The warring states continued for many years and caused vast amounts of blood to be shed before the uprising succeeded. With the overthrow of Zhou Xin and Daji, the Shang dynasty came to an end. The people so hated King Zhou Xin that, to ensure no one with his blood remained alive, they slaughtered all his relatives up to seven times removed from him.
The victorious leaders of the war established the Chou dynasty which ruled China for eight-hundred years.
After the king and queen were put to death, the Goddess Nüwa called the Thousand-Year Vixen, the Nine-Headed Pheasant, and the Jade Pipa to stand before her. “You have disobeyed my orders.”
“I believe we obeyed them with great zeal,” protested the Vixen who had been Daji. “We destroyed not only Zhou Xin, but his dynasty, and all his relatives. His name will be forever reviled”—she bowed low—“as you commanded.”
“I told you to harm no one else, and you did nothing but harm others!” Nüwa shrieked. “I am also disgusted with the men around you who allowed such vile terror for the sake of their own filthy lust and power.”
“Yes!” the Vixen shouted. “It was their fault. And they have been punished for it.”
“Quiet, demon!” Nüwa stormed back and forth before the three demons who quaked with fear at the goddess’s wrath. “The people have destroyed your earthly bodies, and now your demonic spirits will be placed in this stone.” She held up a small red pearl-shaped pebble. “Whoever owns it will have power over you.
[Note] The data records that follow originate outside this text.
lemma L2norm_triangle:
  assumes "square_integrable f" "square_integrable g"
  shows "L2norm (\<lambda>x. f x + g x) \<le> L2norm f + L2norm g"
proof -
  have ia: "integrable lborel (\<lambda>x. (f x)^2)" "integrable lborel (\<lambda>x. (g x)^2)"
    using assms unfolding square_integrable_def by auto
  have ip: "integrable lborel (\<lambda>x. f x * g x)" using square_integrable_integrable_mult[OF assms] .
  have "(L2norm (\<lambda>x. f x + g x))^2 = integral\<^sup>L lborel (\<lambda>x. (f x)^2 + 2 * (f x * g x) + (g x)^2)"
    unfolding L2norm_power2 by (simp add: power2_sum algebra_simps)
  also have "\<dots> = (L2norm f)^2 + 2 * integral\<^sup>L lborel (\<lambda>x. f x * g x) + (L2norm g)^2"
    using ia ip unfolding L2norm_power2 by simp
  also have "\<dots> \<le> (L2norm f)^2 + 2 * (L2norm f * L2norm g) + (L2norm g)^2"
    using L2_Cauchy_Schwarz[OF assms] by simp
  also have "\<dots> = (L2norm f + L2norm g)^2" by (simp add: power2_sum)
  finally show ?thesis
    using L2norm_nonneg[of f] L2norm_nonneg[of g] by (meson add_nonneg_nonneg power2_le_imp_le)
qed

lemma L2norm_triangle_diff:
  assumes "square_integrable f" "square_integrable g" "square_integrable h"
  shows "L2norm (\<lambda>x. f x - h x) \<le> L2norm (\<lambda>x. f x - g x) + L2norm (\<lambda>x. g x - h x)"
  using L2norm_triangle[OF square_integrable_diff[OF assms(1,2)] square_integrable_diff[OF assms(2,3)]]
  by simp

lemma square_integrable_dominated:
  assumes "f \<in> borel_measurable lborel" "square_integrable g" "AE x in lborel. \<bar>f x\<bar> \<le> \<bar>g x\<bar>"
  shows "square_integrable f" "L2norm f \<le> L2norm g"
proof -
  have ig: "integrable lborel (\<lambda>x. (g x)^2)" using assms unfolding square_integrable_def by auto
  have le: "AE x in lborel. (f x)^2 \<le> (g x)^2"
    using assms(3) by eventually_elim (simp add: abs_le_square_iff)
  have if2: "integrable lborel (\<lambda>x. (f x)^2)"
    by (rule Bochner_Integration.integrable_bound[OF ig]) (use assms(1) le in auto)
  then show "square_integrable f" using assms unfolding square_integrable_def by auto
  show "L2norm f \<le> L2norm g"
    unfolding L2norm_def by (intro real_sqrt_le_mono integral_mono_AE if2 ig le)
qed

lemma L2norm_cong_AE:
  assumes "AE x in lborel. f x = g x" "f \<in> borel_measurable lborel" "g \<in> borel_measurable lborel"
  shows "L2norm f = L2norm g"
proof -
  have "integral\<^sup>L lborel (\<lambda>x. (f x)^2) = integral\<^sup>L lborel (\<lambda>x. (g x)^2)"
    by (rule integral_cong_AE) (use assms in auto)
  then show ?thesis unfolding L2norm_def by simp
qed

lemma L2norm_eq_0_imp_AE:
  assumes "square_integrable f" "L2norm f = 0" shows "AE x in lborel. f x = 0"
proof -
  have "integral\<^sup>L lborel (\<lambda>x. (f x)^2) = 0" using assms(2) L2norm_power2[of f] by simp
  then have "AE x in lborel. (f x)^2 = 0"
    using assms(1) unfolding square_integrable_def by (subst (asm) integral_nonneg_eq_0_iff_AE) auto
  then show ?thesis by eventually_elim simp
qed

lemma square_integrable_bounded_support:
  assumes "f \<in> borel_measurable lborel" "\<And>x. \<bar>f x\<bar> \<le> B" "\<And>x. R < \<bar>x\<bar> \<Longrightarrow> f x = 0" "0 \<le> R"
  shows "square_integrable f" "L2norm f \<le> B * sqrt (2 * R)"
proof -
  let ?b = "\<lambda>x. indicator {-R..R} x * B"
  have B0: "0 \<le> B" using assms(2)[of 0] by simp
  have b2: "(\<lambda>x. (?b x)^2) = (\<lambda>x. B^2 * indicator {-R..R} x)"
    by (auto split: split_indicator)
  have Lb: "square_integrable ?b"
    unfolding square_integrable_def b2 using assms(4) by (simp add: emeasure_lborel_Icc)
  have le: "\<bar>f x\<bar> \<le> \<bar>?b x\<bar>" for x
    using assms(2,3)[of x] B0 by (cases "R < \<bar>x\<bar>") (auto split: split_indicator)
  show "square_integrable f" using square_integrable_dominated[OF assms(1) Lb] le by auto
  have "L2norm f \<le> L2norm ?b" using square_integrable_dominated[OF assms(1) Lb] le by auto
  also have "\<dots> = B * sqrt (2 * R)"
    unfolding L2norm_def b2 using B0 assms(4) by (simp add: measure_lborel_Icc real_sqrt_mult)
  finally show "L2norm f \<le> B * sqrt (2 * R)" .
qed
And when the stone is in a special rare earth, you will feel as if the soil is smothering you, and you will gasp for breath only to have dirt fill your demonic mouths causing the terror of believing each moment may be your last.
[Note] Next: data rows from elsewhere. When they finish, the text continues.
lemma norm_integral_finite:
  assumes "set_integrable lborel R g"
  shows "norm_integral g R < \<infinity>"
proof -
  have "(\<integral>\<^sup>+x. ennreal (norm (indicator R x *\<^sub>R g x)) \<partial>lborel) < \<infinity>"
    using assms unfolding set_integrable_def by (simp add: integrable_iff_bounded)
  moreover have "(\<lambda>x. ennreal (norm (indicator R x *\<^sub>R g x))) = (\<lambda>x. ennreal (norm (g x)) * indicator R x)"
    by (auto simp: indicator_def)
  ultimately show ?thesis
    unfolding norm_integral_def by simp
qed

lemma avg_add_bounded_le:
  assumes R: "R \<in> sets lborel" "emeasure lborel R \<noteq> 0" "emeasure lborel R \<noteq> \<infinity>"
    and g1: "g1 \<in> borel_measurable lborel"
    and bound: "\<And>y. y \<in> R \<Longrightarrow> ennreal (norm (g2 y)) \<le> c"
  shows "avg R (\<lambda>y. g1 y + g2 y) \<le> avg R g1 + c"
proof -
  have "norm_integral (\<lambda>y. g1 y + g2 y) R
      \<le> (\<integral>\<^sup>+y. ennreal (norm (g1 y)) * indicator R y + c * indicator R y \<partial>lborel)"
    unfolding norm_integral_def
  proof (intro nn_integral_mono)
    fix y
    show "ennreal (norm (g1 y + g2 y)) * indicator R y
        \<le> ennreal (norm (g1 y)) * indicator R y + c * indicator R y"
    proof (cases "y \<in> R")
      case True
      have "ennreal (norm (g1 y + g2 y)) \<le> ennreal (norm (g1 y)) + ennreal (norm (g2 y))"
        by (simp add: norm_triangle_ineq flip: ennreal_plus)
      then show ?thesis
        using True bound[OF True] by (simp add: order_trans add_left_mono)
    qed simp
  qed
  also have "\<dots> = norm_integral g1 R + c * emeasure lborel R"
    using R g1 unfolding norm_integral_def
    by (subst nn_integral_add) (auto simp: nn_integral_cmult_indicator)
  finally have "avg R (\<lambda>y. g1 y + g2 y) \<le> (norm_integral g1 R + c * emeasure lborel R) / emeasure lborel R"
    unfolding avg_eq_norm_integral by (rule divide_right_mono_ennreal)
  also have "\<dots> = avg R g1 + c"
    using R by (simp add: avg_eq_norm_integral ennreal_mult_divide_eq add_divide_distrib_ennreal)
  finally show ?thesis .
qed

context dyadic_grid
begin

lemma avg_dcube: "avg (dcube \<tau>) g = norm_integral g (dcube \<tau>) * ennreal (1 / dvol \<tau>)"
  using dvol_pos[of \<tau>]
  by (simp add: avg_eq_norm_integral emeasure_dcube divide_ennreal_def inverse_ennreal inverse_eq_divide)

lemma avg_dcube_le_ancestor:
  assumes "fst \<tau> = Suc l"
  shows "avg (dcube \<tau>) g \<le> 2 ^ CARD('n) * avg (dcube (ancestor \<tau> l)) g"
proof -
  let ?p = "ancestor \<tau> l"
  have "dcube \<tau> \<subseteq> dcube ?p"
    using dcube_mono[OF descends_ancestor[of l \<tau>]] assms by simp
  then have "avg (dcube \<tau>) g \<le> norm_integral g (dcube ?p) * ennreal (1 / dvol \<tau>)"
    unfolding avg_dcube by (intro mult_right_mono norm_integral_mono) auto
  also have "1 / dvol \<tau> = 2 ^ CARD('n) * (1 / dvol ?p)"
    using dvol_ancestor[OF assms] dvol_pos[of \<tau>] by simp
  also have "ennreal (2 ^ CARD('n) * (1 / dvol ?p)) = ennreal (2 ^ CARD('n)) * ennreal (1 / dvol ?p)"
    using dvol_pos[of ?p] by (intro ennreal_mult) auto
  also have "ennreal (2 ^ CARD('n)) = 2 ^ CARD('n)"
    using ennreal_power[of 2 "CARD('n)"] by simp
  finally show ?thesis
    by (simp add: avg_dcube ac_simps)
qed

end

section \<open>Calderon-Zygmund decomposition of the oscillation\<close>

lemma nn_integral_count_space_le_single_support:
  fixes F :: "'i::countable \<Rightarrow> ennreal"
  assumes "\<And>i. F i \<le> c" "\<And>i j. F i \<noteq> 0 \<Longrightarrow> F j \<noteq> 0 \<Longrightarrow> i = j"
  shows "(\<integral>\<^sup>+i. F i \<partial>count_space UNIV) \<le> c"
proof (cases "\<exists>i0. F i0 \<noteq> 0")
  case True
  then obtain i0 where "F i0 \<noteq> 0"
    by blast
  then have "(\<integral>\<^sup>+i. F i \<partial>count_space UNIV) = (\<Sum>i\<in>{i0}. F i)"
    using assms(2) by (intro nn_integral_count_space') auto
  then show ?thesis
    using assms(1) by simp
qed simp

lemma nn_integral_count_space_ge_term:
  fixes F :: "'i::countable \<Rightarrow> ennreal"
  shows "F i0 \<le> (\<integral>\<^sup>+i. F i \<partial>count_space UNIV)"
proof -
  have "F i0 = (\<integral>\<^sup>+i. F i * indicator {i0} i \<partial>count_space UNIV)"
    by simp
  also have "\<dots> \<le> (\<integral>\<^sup>+i. F i \<partial>count_space UNIV)"
    by (intro nn_integral_mono) (auto simp: indicator_def)
  finally show ?thesis .
qed

text \<open>The interiors of the stopping cubes of \<open>\<rho>\<close> are disjoint subsets of the cube \<open>\<rho>\<close>.\<close>
lemma (in dyadic_grid) nn_integral_stopping_cubes_le:
  assumes [measurable]: "g \<in> borel_measurable lborel"
  shows "(\<integral>\<^sup>+\<tau>. norm_integral g (interior (dcube \<tau>)) * indicator (stopping_cubes Av \<rho>) \<tau> \<partial>count_space UNIV)
    \<le> norm_integral g (dcube \<rho>)"
proof -
  let ?X = "stopping_cubes Av \<rho>"
  have [measurable]: "interior (dcube \<tau>) \<in> sets borel" for \<tau>
    by (rule borel_open) simp
  have "(\<integral>\<^sup>+\<tau>. norm_integral g (interior (dcube \<tau>)) * indicator ?X \<tau> \<partial>count_space UNIV)
      = (\<integral>\<^sup>+y. ennreal (norm (g y)) *
          (\<integral>\<^sup>+\<tau>. indicator (interior (dcube \<tau>)) y * indicator ?X \<tau> \<partial>count_space UNIV) \<partial>lborel)"
    unfolding norm_integral_def
    by (subst nn_integral_multc[symmetric], simp, subst nn_integral_count_space_nn_integral[symmetric])
      (auto simp: ac_simps nn_integral_cmult[symmetric] intro!: nn_integral_cong)
  also have "\<dots> \<le> (\<integral>\<^sup>+y. ennreal (norm (g y)) * indicator (dcube \<rho>) y \<partial>lborel)"
  proof (intro nn_integral_mono mult_left_mono nn_integral_count_space_le_single_support)
    fix y \<tau>
    show "indicator (interior (dcube \<tau>)) y * indicator ?X \<tau> \<le> (indicator (dcube \<rho>) y :: ennreal)"
      using dcube_mono[OF stopping_cubes_descends[of \<tau> Av \<rho>]] interior_subset[of "dcube \<tau>"]
      by (auto simp: indicator_def)
  next
    fix y \<tau>\<^sub>1 \<tau>\<^sub>2
    assume "indicator (interior (dcube \<tau>\<^sub>1)) y * indicator ?X \<tau>\<^sub>1 \<noteq> (0::ennreal)"
      "indicator (interior (dcube \<tau>\<^sub>2)) y * indicator ?X \<tau>\<^sub>2 \<noteq> (0::ennreal)"
    then show "\<tau>\<^sub>1 = \<tau>\<^sub>2"
      by (intro stopping_cubes_interiors_disjoint[of \<tau>\<^sub>1 Av \<rho> \<tau>\<^sub>2 y]) (auto split: split_indicator_asm)
  qed auto
  finally show ?thesis
    unfolding norm_integral_def .
qed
“If, by chance, you break free of this priso
n, then mankind is yours, for I will do nothing more to help them, or to stop you.”
With that, Nüwa commanded the demons into the pearl, and placed the pearl in a small bronze vessel. She then returned to earth and gave the vessel to the new king of the Chou dynasty, commanding him to cast it far from his people in a land not yet named, a land north of the Gobi desert, where only nomads roamed, and where a rare and wondrous soil would entrap the demons.
Many of the brave victims who had been killed by King Zhou Xin and Daji, as well as the heroic warriors who had died during the years of battle, were invested as gods in Heaven. And they were remembered and honored from that time forward by everyone from the highest nobleman to the lowliest peasant.
Chapter 33
News of the death, called a “possible murder-suicide” of Jonathan Vogel, hedge fund CEO, his wife, and a son who was being groomed to take over the business, flashed across the news wires the next morning. Michael, Jianjun, and Kira scoured the Internet for details.
“It isn’t stopping, is it?” Dejection filled Kira as she sat at the table with her morning cappuccino and a croissant.
“Let’s just hope, whatever it is,” Jianjun said, “doesn’t follow us to the Silk Road.”
Michael’s phone rang. His friend, Charlotte Reed, was calling from Salmon, Idaho.
“Your story about the strange pearl of Marco Polo made me curious,” Charlotte said, not bothering with pleasantries. “I’ve done some research and even contacted a few old friends from my university days. It’s fascinating! There actually are legends about a red pearl. Most people, of course, don’t believe any of them, but I’ll leave it up to you to decide.”
Michael put his phone on speaker so the others could hear what she had to report and quickly introduced her to Kira.
“More history,” Jianjun grumbled to Kira, standing close. She jabbed him in the ribs with her elbow.